• [Your assignment] Counting only the lines below that contain the word "also", what is the total? Give it with no other words.

• [Collected data]
···
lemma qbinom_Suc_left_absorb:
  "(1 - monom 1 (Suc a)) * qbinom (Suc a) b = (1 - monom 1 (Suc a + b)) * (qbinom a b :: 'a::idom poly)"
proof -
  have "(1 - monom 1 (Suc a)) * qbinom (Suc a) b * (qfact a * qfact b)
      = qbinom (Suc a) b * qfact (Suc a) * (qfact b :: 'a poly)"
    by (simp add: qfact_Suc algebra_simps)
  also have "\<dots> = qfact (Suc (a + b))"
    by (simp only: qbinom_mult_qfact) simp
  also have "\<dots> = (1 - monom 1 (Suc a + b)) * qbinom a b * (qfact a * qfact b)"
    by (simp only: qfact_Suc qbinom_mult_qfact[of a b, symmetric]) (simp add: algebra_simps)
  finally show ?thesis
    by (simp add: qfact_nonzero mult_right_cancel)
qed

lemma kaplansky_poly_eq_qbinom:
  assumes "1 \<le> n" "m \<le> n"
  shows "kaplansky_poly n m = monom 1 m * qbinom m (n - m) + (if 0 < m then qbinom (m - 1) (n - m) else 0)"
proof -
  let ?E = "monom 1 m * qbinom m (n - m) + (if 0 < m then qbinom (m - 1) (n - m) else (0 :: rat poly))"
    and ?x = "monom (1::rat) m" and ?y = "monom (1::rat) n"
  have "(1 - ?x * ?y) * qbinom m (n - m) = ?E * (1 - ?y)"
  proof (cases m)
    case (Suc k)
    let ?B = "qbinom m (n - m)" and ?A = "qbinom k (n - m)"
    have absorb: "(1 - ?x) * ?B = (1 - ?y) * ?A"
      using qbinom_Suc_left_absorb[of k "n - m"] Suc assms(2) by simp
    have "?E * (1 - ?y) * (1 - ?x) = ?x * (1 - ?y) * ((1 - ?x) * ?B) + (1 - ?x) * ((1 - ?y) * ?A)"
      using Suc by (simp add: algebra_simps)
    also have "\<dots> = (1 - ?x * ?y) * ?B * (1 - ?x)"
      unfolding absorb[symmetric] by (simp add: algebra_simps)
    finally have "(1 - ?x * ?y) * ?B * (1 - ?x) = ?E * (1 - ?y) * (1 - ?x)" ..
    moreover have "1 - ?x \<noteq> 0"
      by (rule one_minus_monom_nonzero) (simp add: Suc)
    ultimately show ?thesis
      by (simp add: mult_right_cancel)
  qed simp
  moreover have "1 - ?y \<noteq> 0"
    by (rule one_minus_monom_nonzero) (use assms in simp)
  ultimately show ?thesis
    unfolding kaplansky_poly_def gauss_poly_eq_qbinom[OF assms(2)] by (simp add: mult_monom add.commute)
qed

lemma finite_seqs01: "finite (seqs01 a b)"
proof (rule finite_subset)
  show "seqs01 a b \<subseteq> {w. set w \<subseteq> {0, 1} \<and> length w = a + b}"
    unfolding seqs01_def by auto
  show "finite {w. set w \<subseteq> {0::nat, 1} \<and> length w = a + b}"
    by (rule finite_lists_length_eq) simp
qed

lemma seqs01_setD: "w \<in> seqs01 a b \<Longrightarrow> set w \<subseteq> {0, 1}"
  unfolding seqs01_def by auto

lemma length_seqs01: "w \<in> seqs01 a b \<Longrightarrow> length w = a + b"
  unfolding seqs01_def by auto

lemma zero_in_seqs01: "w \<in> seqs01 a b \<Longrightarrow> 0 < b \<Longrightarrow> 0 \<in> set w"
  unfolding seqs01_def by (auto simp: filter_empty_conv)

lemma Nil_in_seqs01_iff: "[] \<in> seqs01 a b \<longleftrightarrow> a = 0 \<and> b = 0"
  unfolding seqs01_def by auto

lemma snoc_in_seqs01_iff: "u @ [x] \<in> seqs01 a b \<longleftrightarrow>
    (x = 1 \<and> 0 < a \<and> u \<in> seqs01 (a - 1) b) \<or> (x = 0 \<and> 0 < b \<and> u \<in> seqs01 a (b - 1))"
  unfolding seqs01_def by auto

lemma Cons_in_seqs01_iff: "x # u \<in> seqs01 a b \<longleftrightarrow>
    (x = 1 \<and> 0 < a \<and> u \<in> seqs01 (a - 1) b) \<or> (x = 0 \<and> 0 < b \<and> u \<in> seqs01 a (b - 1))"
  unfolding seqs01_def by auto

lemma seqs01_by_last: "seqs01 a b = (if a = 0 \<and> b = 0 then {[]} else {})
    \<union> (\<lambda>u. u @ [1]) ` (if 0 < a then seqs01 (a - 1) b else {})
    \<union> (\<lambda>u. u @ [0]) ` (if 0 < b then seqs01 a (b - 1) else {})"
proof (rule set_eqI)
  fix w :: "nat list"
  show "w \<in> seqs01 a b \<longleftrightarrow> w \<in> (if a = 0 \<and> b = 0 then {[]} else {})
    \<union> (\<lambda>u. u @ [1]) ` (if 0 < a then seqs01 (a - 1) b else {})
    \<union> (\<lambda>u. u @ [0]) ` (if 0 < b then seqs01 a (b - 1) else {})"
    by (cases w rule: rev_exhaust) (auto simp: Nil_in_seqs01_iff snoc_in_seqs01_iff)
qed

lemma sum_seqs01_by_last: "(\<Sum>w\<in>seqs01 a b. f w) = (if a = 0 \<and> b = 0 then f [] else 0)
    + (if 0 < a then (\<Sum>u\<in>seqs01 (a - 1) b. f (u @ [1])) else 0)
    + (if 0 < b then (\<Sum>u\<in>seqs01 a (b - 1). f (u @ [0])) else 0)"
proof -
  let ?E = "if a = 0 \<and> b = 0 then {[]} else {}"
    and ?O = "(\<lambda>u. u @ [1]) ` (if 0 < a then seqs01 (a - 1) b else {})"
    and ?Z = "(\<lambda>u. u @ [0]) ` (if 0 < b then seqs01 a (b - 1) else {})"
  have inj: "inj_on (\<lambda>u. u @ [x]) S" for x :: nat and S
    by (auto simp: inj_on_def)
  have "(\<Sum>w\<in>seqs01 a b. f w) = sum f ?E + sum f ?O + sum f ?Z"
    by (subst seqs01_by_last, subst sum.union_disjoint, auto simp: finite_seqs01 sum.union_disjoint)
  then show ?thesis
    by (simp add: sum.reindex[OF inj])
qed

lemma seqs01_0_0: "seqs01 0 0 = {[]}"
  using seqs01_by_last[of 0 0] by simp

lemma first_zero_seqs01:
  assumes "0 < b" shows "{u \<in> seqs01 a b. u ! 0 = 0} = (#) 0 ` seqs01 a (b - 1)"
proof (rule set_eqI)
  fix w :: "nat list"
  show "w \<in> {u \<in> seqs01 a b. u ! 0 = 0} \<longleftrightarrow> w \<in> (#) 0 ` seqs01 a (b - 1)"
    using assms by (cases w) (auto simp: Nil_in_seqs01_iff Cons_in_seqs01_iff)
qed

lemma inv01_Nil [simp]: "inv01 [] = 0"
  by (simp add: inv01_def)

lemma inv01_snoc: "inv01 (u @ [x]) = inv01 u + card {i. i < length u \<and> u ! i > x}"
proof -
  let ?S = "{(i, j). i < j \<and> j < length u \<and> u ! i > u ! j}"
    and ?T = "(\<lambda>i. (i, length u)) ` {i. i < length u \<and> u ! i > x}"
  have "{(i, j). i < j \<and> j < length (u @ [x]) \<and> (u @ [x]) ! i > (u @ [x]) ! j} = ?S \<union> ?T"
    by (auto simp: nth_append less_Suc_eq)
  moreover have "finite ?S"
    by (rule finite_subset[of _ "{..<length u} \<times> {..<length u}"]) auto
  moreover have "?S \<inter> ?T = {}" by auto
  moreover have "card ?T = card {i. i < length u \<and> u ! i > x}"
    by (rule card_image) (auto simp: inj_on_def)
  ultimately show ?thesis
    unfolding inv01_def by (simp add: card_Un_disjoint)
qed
···
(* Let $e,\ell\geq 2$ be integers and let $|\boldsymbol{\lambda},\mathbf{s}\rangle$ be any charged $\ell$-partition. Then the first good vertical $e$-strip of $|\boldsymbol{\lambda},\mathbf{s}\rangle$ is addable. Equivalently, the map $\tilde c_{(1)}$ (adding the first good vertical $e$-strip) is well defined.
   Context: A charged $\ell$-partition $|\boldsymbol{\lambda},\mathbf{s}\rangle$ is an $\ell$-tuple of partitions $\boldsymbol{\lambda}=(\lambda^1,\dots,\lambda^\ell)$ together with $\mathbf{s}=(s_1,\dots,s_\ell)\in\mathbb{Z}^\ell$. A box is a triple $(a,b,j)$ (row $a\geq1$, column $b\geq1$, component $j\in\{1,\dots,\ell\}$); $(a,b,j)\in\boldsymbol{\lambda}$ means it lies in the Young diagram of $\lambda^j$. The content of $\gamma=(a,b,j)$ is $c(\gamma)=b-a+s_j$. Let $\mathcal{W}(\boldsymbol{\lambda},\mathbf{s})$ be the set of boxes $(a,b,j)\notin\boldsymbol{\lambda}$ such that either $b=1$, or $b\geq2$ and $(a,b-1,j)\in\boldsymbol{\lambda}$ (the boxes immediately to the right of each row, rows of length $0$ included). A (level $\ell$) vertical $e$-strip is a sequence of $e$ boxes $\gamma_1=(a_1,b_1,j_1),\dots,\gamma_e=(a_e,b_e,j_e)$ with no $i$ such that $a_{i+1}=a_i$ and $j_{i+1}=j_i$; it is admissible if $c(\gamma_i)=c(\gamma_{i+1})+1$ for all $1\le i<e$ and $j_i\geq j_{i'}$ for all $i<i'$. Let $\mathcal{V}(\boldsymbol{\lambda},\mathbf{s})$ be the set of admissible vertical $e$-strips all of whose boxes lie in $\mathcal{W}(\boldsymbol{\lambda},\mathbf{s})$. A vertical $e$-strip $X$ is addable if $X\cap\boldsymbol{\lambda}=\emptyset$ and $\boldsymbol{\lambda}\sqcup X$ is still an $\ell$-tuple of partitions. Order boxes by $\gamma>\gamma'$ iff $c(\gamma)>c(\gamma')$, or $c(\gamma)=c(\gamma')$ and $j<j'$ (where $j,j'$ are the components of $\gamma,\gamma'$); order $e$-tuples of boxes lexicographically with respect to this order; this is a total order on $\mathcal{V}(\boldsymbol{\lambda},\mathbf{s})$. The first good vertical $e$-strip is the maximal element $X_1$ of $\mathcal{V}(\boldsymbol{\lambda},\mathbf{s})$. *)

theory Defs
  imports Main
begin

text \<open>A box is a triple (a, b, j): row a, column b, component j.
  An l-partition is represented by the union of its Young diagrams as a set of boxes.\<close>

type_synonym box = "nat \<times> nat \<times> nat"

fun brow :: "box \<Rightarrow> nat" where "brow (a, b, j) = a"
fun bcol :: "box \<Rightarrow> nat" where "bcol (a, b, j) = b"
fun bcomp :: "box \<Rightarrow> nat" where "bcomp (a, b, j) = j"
···
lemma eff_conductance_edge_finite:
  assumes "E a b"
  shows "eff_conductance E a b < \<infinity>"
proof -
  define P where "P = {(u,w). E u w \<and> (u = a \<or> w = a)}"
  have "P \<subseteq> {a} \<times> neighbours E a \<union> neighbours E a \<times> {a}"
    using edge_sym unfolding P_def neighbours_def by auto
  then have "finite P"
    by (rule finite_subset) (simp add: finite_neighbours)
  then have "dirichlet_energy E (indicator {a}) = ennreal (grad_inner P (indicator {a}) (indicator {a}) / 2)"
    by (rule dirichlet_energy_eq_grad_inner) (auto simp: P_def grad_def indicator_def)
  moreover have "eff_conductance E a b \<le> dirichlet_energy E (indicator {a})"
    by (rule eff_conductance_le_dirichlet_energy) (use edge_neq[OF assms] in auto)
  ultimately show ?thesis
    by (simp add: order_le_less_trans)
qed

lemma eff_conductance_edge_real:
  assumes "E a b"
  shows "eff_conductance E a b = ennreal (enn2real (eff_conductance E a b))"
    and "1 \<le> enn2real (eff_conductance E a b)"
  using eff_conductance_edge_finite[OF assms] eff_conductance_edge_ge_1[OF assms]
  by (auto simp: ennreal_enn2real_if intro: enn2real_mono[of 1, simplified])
···
• [Response] 3